About this task →
Copy out again, unchanged, the listing below from the line that has "colourings are determined" through the line that has "(\<forall>u. u \<notin>".

Provided data →

(* Let $G$ be a connected graph with a list-assignment $L$ such that $|L(u)|\ge\deg(u)+1$ for all $u\in V(G)$. If there exist $v,w\in V(G)$ such that $vw\in E(G)$, $L(v)\not\subseteq L(w)$, and $G-v$ is connected, then $\alpha\sim\beta$ whenever $\alpha$ and $\beta$ are both unfrozen $L$-colourings.
   Context: An $L$-colouring is a proper colouring $\varphi$ with $\varphi(v)\in L(v)$ for all $v$. A vertex $u$ is frozen under $\varphi$ if every colour of $L(u)\setminus\{\varphi(u)\}$ appears on a neighbour of $u$; a colouring is unfrozen if at least one vertex is not frozen. $\alpha\sim\beta$ means $\alpha$ can be transformed into $\beta$ by a sequence of single-vertex recolouring steps, each keeping the colouring a proper $L$-colouring. *)

theory Defs
  imports Main
begin

definition simple_graph :: "'a set \<Rightarrow> ('a \<Rightarrow> 'a \<Rightarrow> bool) \<Rightarrow> bool" where
  "simple_graph V E \<longleftrightarrow> finite V \<and> (\<forall>u w. E u w \<longrightarrow> u \<in> V \<and> w \<in> V)
     \<and> (\<forall>u w. E u w \<longrightarrow> E w u) \<and> (\<forall>u. \<not> E u u)"

definition degree :: "'a set \<Rightarrow> ('a \<Rightarrow> 'a \<Rightarrow> bool) \<Rightarrow> 'a \<Rightarrow> nat" where
  "degree V E u = card {w \<in> V. E u w}"

definition connected_on :: "'a set \<Rightarrow> ('a \<Rightarrow> 'a \<Rightarrow> bool) \<Rightarrow> bool" where
  "connected_on S E \<longleftrightarrow>
     (\<forall>x\<in>S. \<forall>y\<in>S. (\<lambda>a b. a \<in> S \<and> b \<in> S \<and> E a b)\<^sup>*\<^sup>* x y)"

text \<open>Proper L-colourings; outside V the colouring is fixed to undefined, so
colourings are determined by their values on V.\<close>
definition L_colouring :: "'a set \<Rightarrow> ('a \<Rightarrow> 'a \<Rightarrow> bool) \<Rightarrow> ('a \<Rightarrow> 'c set) \<Rightarrow> ('a \<Rightarrow> 'c) \<Rightarrow> bool" where
  "L_colouring V E L \<phi> \<longleftrightarrow> (\<forall>u\<in>V. \<phi> u \<in> L u)
     \<and> (\<forall>u\<in>V. \<forall>w\<in>V. E u w \<longrightarrow> \<phi> u \<noteq> \<phi> w)
     \<and> (\<forall>u. u \<notin> V \<longrightarrow> \<phi> u = undefined)"

definition frozen :: "'a set \<Rightarrow> ('a \<Rightarrow> 'a \<Rightarrow> bool) \<Rightarrow> ('a \<Rightarrow> 'c set) \<Rightarrow> ('a \<Rightarrow> 'c) \<Rightarrow> 'a \<Rightarrow> bool" where
  "frozen V E L \<phi> u \<longleftrightarrow> (\<forall>c \<in> L u - {\<phi> u}. \<exists>w\<in>V. E u w \<and> \<phi> w = c)"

Written solution →
colourings are determined by their values on V.\<close>
definition L_colouring :: "'a set \<Rightarrow> ('a \<Rightarrow> 'a \<Rightarrow> bool) \<Rightarrow> ('a \<Rightarrow> 'c set) \<Rightarrow> ('a \<Rightarrow> 'c) \<Rightarrow> bool" where
  "L_colouring V E L \<phi> \<longleftrightarrow> (\<forall>u\<in>V. \<phi> u \<in> L u)
     \<and> (\<forall>u\<in>V. \<forall>w\<in>V. E u w \<longrightarrow> \<phi> u \<noteq> \<phi> w)
     \<and> (\<forall>u. u \<notin> V \<longrightarrow> \<phi> u = undefined)"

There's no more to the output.